With all this stuff I don’t want to say, oddly enough, that a song is a closed preserve from which you can’t get out, a prison, a space that will soon run out. The very history of the songs would give me the lie instantly. I just want to say that a song is not good for everything, that it is not the instrument to express anything in any way. that it has its limits, although these limits can be incredibly flexible, of course.
When we write the lyrics of a song we must know what it can do for us and especially for the song itself and what not.
We will save ourselves creative blocks, monumental anger with ourselves and ourselves, in addition to wasting time and energy on it.
We can test his limits, of course we can, try to take him a little further than where he has reached with his music or with his words if we think we need them but when we finish with that adventure, even if we have been successful, we will have a song and a new way. to make them or we will have created another artistic genre, another musical artifact with other characteristics and other specific powers.

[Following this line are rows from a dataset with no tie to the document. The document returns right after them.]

(* A unital formal multiplication $F$ on $V$ is linear if and only if there exists a two-sided ideal $I$ of finite codimension in the algebra $k[F]$ such that $I\cap\mathrm{Prim}(k[F])=I\cap V=0$.
   Context: $k$ is a field of characteristic $0$; $k[V]$ is the symmetric coalgebra of $V$ (elements of $V$ primitive, counit $\epsilon$, projection $\pi_V$ onto $V$); Sweedler notation. A unital formal multiplication on $V$ is a linear $F\colon k[V]\otimes k[V]\to V$ with $F(\mu\otimes1)=\pi_V(\mu)=F(1\otimes\mu)$; a formal map $\theta\colon k[V]\to W$ ($\theta(1)=0$) induces the coalgebra morphism $\theta'(\mu)=\sum_{n\ge0}\frac1{n!}\theta(\mu_{(1)})\cdots\theta(\mu_{(n)})$; $k[F]$ is $k[V]$ with product $F'$. A homomorphism $\psi\colon F\to H$ ($H$ on $W$) is a formal map $\psi\colon k[V]\to W$ with $H(\psi'(\mu_1)\otimes\psi'(\mu_2))=\psi(F'(\mu_1\otimes\mu_2))$. $F$ is linear if there exist a finite-dimensional vector space $A$ with a bilinear product $*$ and a homomorphism $\psi\colon F\to G$, where $G(\mu_1\otimes\mu_2)=\epsilon(\mu_2)\pi_A(\mu_1)+\epsilon(\mu_1)\pi_A(\mu_2)+\pi_A(\mu_1)*\pi_A(\mu_2)$ on $A$, such that the induced map $k[A]^*\to k[V]^*$, $g\mapsto g\circ\psi'$, is surjective. *)

theory Defs
  imports Main "HOL-Library.Poly_Mapping" "HOL-Library.Multiset"
begin

text \<open>
V has a basis indexed by a type 'u (every vector space has a basis), so
V = ('u =>0 'k).  The symmetric coalgebra k[V] is represented on its monomial
basis: a monomial is a multiset of basis indices, so k[V] = ('u multiset =>0 'k);
the coalgebra structure is Delta(x^a) = sum_{b+c=a} C(a,b) x^b (x) x^c, with V primitive.
The tensor k[V] (x) k[V] is identified (as a coalgebra) with k[V (+) V], the monomial
x^a (x) x^b being the multiset over 'u + 'u given by tmono a b.
A linear map out of k[V] (or k[V](x)k[V]) is given by its (arbitrary) values on monomials.
\<close>

definition sc :: "'k::comm_ring_1 \<Rightarrow> ('a \<Rightarrow>\<^sub>0 'k) \<Rightarrow> ('a \<Rightarrow>\<^sub>0 'k)" where
  "sc c v = Poly_Mapping.map (\<lambda>x. c * x) v"

definition linext :: "('m \<Rightarrow> ('w \<Rightarrow>\<^sub>0 'k::comm_ring_1)) \<Rightarrow> ('m \<Rightarrow>\<^sub>0 'k) \<Rightarrow> ('w \<Rightarrow>\<^sub>0 'k)" where
  "linext \<theta> p = (\<Sum>m\<in>Poly_Mapping.keys p. sc (Poly_Mapping.lookup p m) (\<theta> m))"

definition bilin :: "('m \<Rightarrow> 'm \<Rightarrow> ('w \<Rightarrow>\<^sub>0 'k::comm_ring_1)) \<Rightarrow> ('m \<Rightarrow>\<^sub>0 'k) \<Rightarrow> ('m \<Rightarrow>\<^sub>0 'k) \<Rightarrow> ('w \<Rightarrow>\<^sub>0 'k)" where
  "bilin H p q = (\<Sum>m\<in>Poly_Mapping.keys p. \<Sum>m'\<in>Poly_Mapping.keys q. sc (Poly_Mapping.lookup p m * Poly_Mapping.lookup q m') (H m m'))"

text \<open>the element of k[U] given by a vector of U (degree one part)\<close>
definition lin :: "('u \<Rightarrow>\<^sub>0 'k::comm_ring_1) \<Rightarrow> ('u multiset \<Rightarrow>\<^sub>0 'k)" where
  "lin v = (\<Sum>i\<in>Poly_Mapping.keys v. Poly_Mapping.single {#i#} (Poly_Mapping.lookup v i))"

definition piV :: "'u multiset \<Rightarrow> ('u \<Rightarrow>\<^sub>0 'k::comm_ring_1)" where
  "piV a = (if size a = 1 then (\<Sum>i\<in>set_mset a. Poly_Mapping.single i 1) else 0)"

definition eps :: "'u multiset \<Rightarrow> 'k::comm_ring_1" where
  "eps a = (if a = {#} then 1 else 0)"

definition mfact :: "'u multiset \<Rightarrow> 'k::comm_ring_1" where
  "mfact a = (\<Prod>i\<in>set_mset a. of_nat (fact (count a i)))"

text \<open>coefficient of x^{xs_1} (x) ... (x) x^{xs_n} in the iterated coproduct of x^a\<close>
definition mcoef :: "'u multiset \<Rightarrow> 'u multiset list \<Rightarrow> 'k::field" where
  "mcoef a xs = mfact a / prod_list (map mfact xs)"

definition decomp :: "nat \<Rightarrow> 'u multiset \<Rightarrow> 'u multiset list set" where
  "decomp n a = {xs. length xs = n \<and> sum_list xs = a}"

text \<open>theta'(x^a) = sum_n 1/n! theta(mu_(1))...theta(mu_(n)), product in k[W]
  (terms with n > deg a vanish since theta(1) = 0)\<close>
definition ind :: "('u multiset \<Rightarrow> ('w \<Rightarrow>\<^sub>0 'k::field_char_0)) \<Rightarrow> 'u multiset \<Rightarrow> ('w multiset \<Rightarrow>\<^sub>0 'k)" where
  "ind \<theta> a = (\<Sum>n\<in>{0..size a}. sc (1 / of_nat (fact n))
       (\<Sum>xs\<in>decomp n a. sc (mcoef a xs) (prod_list (map (\<lambda>x. lin (\<theta> x)) xs))))"

definition indL :: "('u multiset \<Rightarrow> ('w \<Rightarrow>\<^sub>0 'k::field_char_0)) \<Rightarrow> ('u multiset \<Rightarrow>\<^sub>0 'k) \<Rightarrow> ('w multiset \<Rightarrow>\<^sub>0 'k)" where
  "indL \<theta> p = linext (ind \<theta>) p"

definition tmono :: "'u multiset \<Rightarrow> 'u multiset \<Rightarrow> ('u + 'u) multiset" where
  "tmono a b = image_mset Inl a + image_mset Inr b"

definition tensF :: "('u multiset \<Rightarrow> 'u multiset \<Rightarrow> 'x) \<Rightarrow> ('u + 'u) multiset \<Rightarrow> 'x" where
  "tensF F m = F (image_mset projl (filter_mset isl m)) (image_mset projr (filter_mset (\<lambda>x. \<not> isl x) m))"

definition unital_fm :: "('u multiset \<Rightarrow> 'u multiset \<Rightarrow> ('u \<Rightarrow>\<^sub>0 'k::comm_ring_1)) \<Rightarrow> bool" where
  "unital_fm F \<longleftrightarrow> (\<forall>a. F a {#} = piV a \<and> F {#} a = piV a)"

definition mulF :: "('u multiset \<Rightarrow> 'u multiset \<Rightarrow> ('u \<Rightarrow>\<^sub>0 'k::field_char_0)) \<Rightarrow>
    ('u multiset \<Rightarrow>\<^sub>0 'k) \<Rightarrow> ('u multiset \<Rightarrow>\<^sub>0 'k) \<Rightarrow> ('u multiset \<Rightarrow>\<^sub>0 'k)" where
  "mulF F p q = (\<Sum>a\<in>Poly_Mapping.keys p. \<Sum>b\<in>Poly_Mapping.keys q. sc (Poly_Mapping.lookup p a * Poly_Mapping.lookup q b) (ind (tensF F) (tmono a b)))"

definition fm_hom :: "('u multiset \<Rightarrow> 'u multiset \<Rightarrow> ('u \<Rightarrow>\<^sub>0 'k::field_char_0)) \<Rightarrow>
    ('w multiset \<Rightarrow> 'w multiset \<Rightarrow> ('w \<Rightarrow>\<^sub>0 'k)) \<Rightarrow> ('u multiset \<Rightarrow> ('w \<Rightarrow>\<^sub>0 'k)) \<Rightarrow> bool" where
  "fm_hom F H \<psi> \<longleftrightarrow> \<psi> {#} = 0 \<and>
     (\<forall>p q. bilin H (indL \<psi> p) (indL \<psi> q) = linext \<psi> (mulF F p q))"

text \<open>bilinear product on A = span of basis vectors 0..<n, via structure constants\<close>
definition prodA :: "(nat \<Rightarrow> nat \<Rightarrow> (nat \<Rightarrow>\<^sub>0 'k::comm_ring_1)) \<Rightarrow> (nat \<Rightarrow>\<^sub>0 'k) \<Rightarrow> (nat \<Rightarrow>\<^sub>0 'k) \<Rightarrow> (nat \<Rightarrow>\<^sub>0 'k)" where
  "prodA c u v = (\<Sum>i\<in>Poly_Mapping.keys u. \<Sum>j\<in>Poly_Mapping.keys v. sc (Poly_Mapping.lookup u i * Poly_Mapping.lookup v j) (c i j))"

definition Gmul :: "(nat \<Rightarrow> nat \<Rightarrow> (nat \<Rightarrow>\<^sub>0 'k::comm_ring_1)) \<Rightarrow> nat multiset \<Rightarrow> nat multiset \<Rightarrow> (nat \<Rightarrow>\<^sub>0 'k)" where
  "Gmul c a b = sc (eps b) (piV a) + sc (eps a) (piV b) + prodA c (piV a) (piV b)"

text \<open>F is linear: exists a finite-dimensional algebra (A, *) (A = span of basis 0..<n,
  product given by structure constants c) and a homomorphism psi : F -> G such that
  the full duals map k[A]^* -> k[V]^*, g |-> g o psi', is surjective (linear functionals on
  k[A], k[V] being arbitrary functions on monomials)\<close>
definition linear_fm :: "('u multiset \<Rightarrow> 'u multiset \<Rightarrow> ('u \<Rightarrow>\<^sub>0 'k::field_char_0)) \<Rightarrow> bool" where
  "linear_fm F \<longleftrightarrow> (\<exists>(n::nat) c (\<psi>::'u multiset \<Rightarrow> (nat \<Rightarrow>\<^sub>0 'k)).
      (\<forall>i<n. \<forall>j<n. Poly_Mapping.keys (c i j) \<subseteq> {..<n}) \<and>
      (\<forall>a. Poly_Mapping.keys (\<psi> a) \<subseteq> {..<n}) \<and>
      fm_hom F (Gmul c) \<psi> \<and>
      (\<forall>f::'u multiset \<Rightarrow> 'k. \<exists>g::nat multiset \<Rightarrow> 'k.
         \<forall>a. f a = (\<Sum>m\<in>Poly_Mapping.keys (ind \<psi> a). Poly_Mapping.lookup (ind \<psi> a) m * g m)))"

definition copr :: "('u multiset \<Rightarrow>\<^sub>0 'k::field) \<Rightarrow> (('u + 'u) multiset \<Rightarrow>\<^sub>0 'k)" where
  "copr p = (\<Sum>a\<in>Poly_Mapping.keys p. sc (Poly_Mapping.lookup p a)
      (\<Sum>b\<in>{b. b \<subseteq># a}. Poly_Mapping.single (tmono b (a - b)) (mcoef a [b, a - b])))"

definition tensor :: "('u multiset \<Rightarrow>\<^sub>0 'k::comm_ring_1) \<Rightarrow> ('u multiset \<Rightarrow>\<^sub>0 'k) \<Rightarrow> (('u + 'u) multiset \<Rightarrow>\<^sub>0 'k)" where
  "tensor p q = (\<Sum>a\<in>Poly_Mapping.keys p. \<Sum>b\<in>Poly_Mapping.keys q. Poly_Mapping.single (tmono a b) (Poly_Mapping.lookup p a * Poly_Mapping.lookup q b))"

definition Prim :: "('u multiset \<Rightarrow>\<^sub>0 'k::field) set" where
  "Prim = {p. copr p = tensor p 1 + tensor 1 p}"

definition Vsub :: "('u multiset \<Rightarrow>\<^sub>0 'k::comm_ring_1) set" where
  "Vsub = range lin"

text \<open>two-sided ideal of the (not necessarily associative) algebra k[F]\<close>
definition twosided_ideal :: "('u multiset \<Rightarrow> 'u multiset \<Rightarrow> ('u \<Rightarrow>\<^sub>0 'k::field_char_0)) \<Rightarrow>
     ('u multiset \<Rightarrow>\<^sub>0 'k) set \<Rightarrow> bool" where
  "twosided_ideal F I \<longleftrightarrow> 0 \<in> I \<and> (\<forall>x\<in>I. \<forall>y\<in>I. x + y \<in> I) \<and> (\<forall>c. \<forall>x\<in>I. sc c x \<in> I) \<and>
     (\<forall>x\<in>I. \<forall>p. mulF F p x \<in> I \<and> mulF F x p \<in> I)"

definition finite_codim :: "('u multiset \<Rightarrow>\<^sub>0 'k::field) set \<Rightarrow> bool" where
  "finite_codim I \<longleftrightarrow> (\<exists>bs::('u multiset \<Rightarrow>\<^sub>0 'k) list. \<forall>p. \<exists>cs::'k list.
      length cs = length bs \<and> p - (\<Sum>j<length bs. sc (cs ! j) (bs ! j)) \<in> I)"

end

theory Submission
  imports Defs "HOL-Combinatorics.Multiset_Permutations"
begin

(* (=>) Given a homomorphism psi : F -> G into the formal multiplication G of a
   finite-dimensional algebra (A, * ), the shape of G gives the product rule
     psi(pq) = eps(q) psi(p) + eps(p) psi(q) + psi(p) * psi(q),
   so I = {p. eps(p) = 0 \<and> psi(p) = 0} is a two-sided ideal.  It is the common kernel
   of finitely many linear functionals, hence of finite codimension; surjectivity of
   the dual map psi'^* forces psi' to be injective on V, so I \<inter> V = 0; and in
   characteristic 0 every primitive element of k[V] lies in V.

   (<=) Since I \<inter> V = 0 and I has finite codimension, V is finite-dimensional and its
   basis extends to a finite family E_0, ..., E_{N-1} that is a basis of k[F] modulo I.
   Coordinates with respect to E define A = k^N with structure constants
   c_ij = coords(E_i E_j), and psi(x^a) = coords(x^a - eps(a) 1) is a homomorphism
   F -> G.  The dual map is surjective because psi' is unitriangular with respect to
   degree: the top-degree part of psi'(x^a) is the monomial x^{idx(a)}. *)

abbreviation (input) LK where "LK \<equiv> Poly_Mapping.lookup"
abbreviation (input) KS where "KS \<equiv> Poly_Mapping.keys"
abbreviation (input) SG where "SG \<equiv> Poly_Mapping.single"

For the last time: to write the lyrics of a song we don’t need to be poets, nor to handle complex ideas nor to be virtuosos of language. Anyone can write their imperfect verses, explain their emotion, their truth, or outline a story or soak their ideas in this very special art form and fulfill their function in the whole of the song.
If you feel more confident with music and words are not good for you or you have great respect for them, demystify them and try writing something. Think that your daily conversations, what happens to us daily is the substance and, often, the final form of the lyrics of a song. The words, as we have said, are not alone in the context of the songs, they do not carry the weight of the whole work on their shoulders and can sound much bigger and more powerful with good music within and around them.